Court documents from Ms. Curry-Demus' first incarceration show that a broken family, serious mental health problems and a dangerous desire for a child have plagued her life -- and the lives of others.

She was raised by her mother, Sharon Curry, a nurse's aide. Her father, Harry Kershaw, was almost never a presence, and Ms. Curry-Demus described her mother as "both a mother and a father." Yet the elder Curry kept a distance from her daughter, especially at key moments, such as her first arrest.

"Sharon Curry is either unwilling or unable to comprehend the seriousness of the charges against [her daughter]," said a pre-sentence report prepared in 1991. "She also appears to take the attitude that whatever happens to her children when she is not home or in their physical presence is none of her concern."

At 12 or 13, Ms. Curry-Demus had her first miscarriage, about four months into her pregnancy.

She graduated from Peabody High School in 1989, even though Mayview doctors later said she had a "borderline intelligence level." She worked briefly at several fast-food restaurants.

Ms. Curry-Demus' second miscarriage came in 1990. She bled for several hours, but she never sought medical attention. Sharon Curry said her daughter seemed tired, but physically healthy.

Mentally, however, Ms. Curry-Demus was falling apart. Major depression struck, and she started "hearing babies cry," the pre-sentence report said.

Soon, Ms. Curry-Demus was spending an unusual amount of time at local hospitals.

In May of that year, she met Barbara Brown of Wilkinsburg at Magee-Womens Hospital, several days after Ms. Brown had given birth. The pair had a pleasant conversation about the new baby, and they exchanged telephone numbers.

Ms. Curry-Demus visited Ms. Brown at her home on May 5 to see the baby and chat with her new friend. She stayed late into the evening and asked if she could spend the night.

Ms. Brown, instead, called a cab for Ms. Curry-Demus. When Ms. Brown was looking for the cab through a window, Ms. Curry-Demus stabbed her.

Ms. Brown called for her husband, who quickly came downstairs. Ms. Curry-Demus ran from the house.

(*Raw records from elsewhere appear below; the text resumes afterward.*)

locale regular_curve =
  fixes l :: real and Phi t :: "real \<Rightarrow> real^3"
  assumes l_pos: "0 < l"
    and has_tangent: "\<And>s. s \<in> {0..l} \<Longrightarrow> (Phi has_vector_derivative t s) (at s within {0..l})"
    and tangent_continuous: "continuous_on {0..l} t"
    and tangent_unit: "\<And>s. s \<in> {0..l} \<Longrightarrow> norm (t s) = 1"
begin

lemma has_integral_tangent:
  assumes "0 \<le> x" "x \<le> y" "y \<le> l"
  shows "(t has_integral (Phi y - Phi x)) {x..y}"
proof (rule fundamental_theorem_of_calculus[OF assms(2)])
  fix s assume s: "s \<in> {x..y}"
  then have "s \<in> {0..l}" using assms by auto
  from has_tangent[OF this] show "(Phi has_vector_derivative t s) (at s within {x..y})"
    by (rule has_vector_derivative_within_subset) (use assms in auto)
qed

lemma integral_inner_cross3_tangent:
  assumes "0 \<le> x" "x \<le> y" "y \<le> l"
  shows "integral {x..y} (\<lambda>s. P \<bullet> cross3 (t s) e) = cross3 P (Phi y - Phi x) \<bullet> e"
proof -
  have "((\<lambda>s. P \<bullet> cross3 (t s) e) has_integral P \<bullet> cross3 (Phi y - Phi x) e) {x..y}"
    using has_integral_linear[OF has_integral_linear[OF has_integral_tangent[OF assms]
          bounded_linear_cross3_left[of e]] bounded_linear_inner_right[of P]]
    by (simp add: comp_def)
  then show ?thesis
    by (metis integral_unique cross_triple inner_commute)
qed

lemma norm_cross3_chord_le:
  assumes L: "\<And>s. s \<in> {0..l} \<Longrightarrow> norm (cross3 P (t s)) \<le> L"
    and x: "x \<in> {0..l}" and y: "y \<in> {0..l}"
  shows "norm (cross3 P (Phi y - Phi x)) \<le> \<bar>y - x\<bar> * L"
proof -
  have L0: "0 \<le> L" using L[of 0] l_pos by (meson atLeastAtMost_iff less_eq_real_def norm_ge_zero order_trans)
  have ordered: "norm (cross3 P (Phi b - Phi a)) \<le> (b - a) * L"
    if "a \<in> {0..l}" "b \<in> {0..l}" "a \<le> b" for a b
  proof -
    have int: "((\<lambda>s. cross3 P (t s)) has_integral cross3 P (Phi b - Phi a)) {a..b}"
      using has_integral_linear[OF has_integral_tangent bounded_linear_cross3_right[of P]] that
      by (simp add: comp_def)
    have "norm (cross3 P (Phi b - Phi a)) \<le> L * Henstock_Kurzweil_Integration.content (cbox a b)"
      by (rule has_integral_bound[OF L0]) (use int that L in \<open>auto simp: cbox_interval\<close>)
    then show ?thesis using that by (simp add: mult.commute)
  qed
  show ?thesis
  proof (cases "x \<le> y")
    case False
    then have "norm (cross3 P (Phi x - Phi y)) \<le> (x - y) * L" using ordered[OF y x] by simp
    then show ?thesis using False
      by (metis abs_minus_commute abs_of_nonneg cross_minus_right diff_ge_0_iff_ge minus_diff_eq
          nle_le norm_minus_cancel)
  qed (use ordered[OF x y] in simp)
qed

The next day, she was at Children's Hospital, where nurses thought she was a relative of a baby because she had been seen there recently.

She then kidnapped 3-week-old Shaquala Coleman, who was being treated for meningitis.

Using telephone records from the hospital, police were able to track Ms. Curry-Demus to her mother's house in Garfield, where they found her with the baby, unharmed.

Ms. Curry-Demus was taken to the county jail, and she soon started to express fears that people were watching her. And she experienced repeated "auditory hallucinations."

She was sent to Mayview, where doctors tried to get her to take Prozac to treat her depression. She refused the drug.

Ms. Curry-Demus was taken back to the hospital the following year, before she started a seven-year stint at State Correctional Institution Muncy in Lycoming County.

At the time, she was still thinking frequently about "her baby," but the sounds of crying infants had faded.

Ms. Curry-Demus was released from jail in 1998, and she was supposed to face probation until 2011. County officials updated her service plan in 2006, shortly after her second arrest on shoplifting charges.

As of last week's arrest, Ms. Curry-Demus was listed as a sex offender on the state police Megan's Law Web site because of her conviction in the Children's Hospital kidnapping.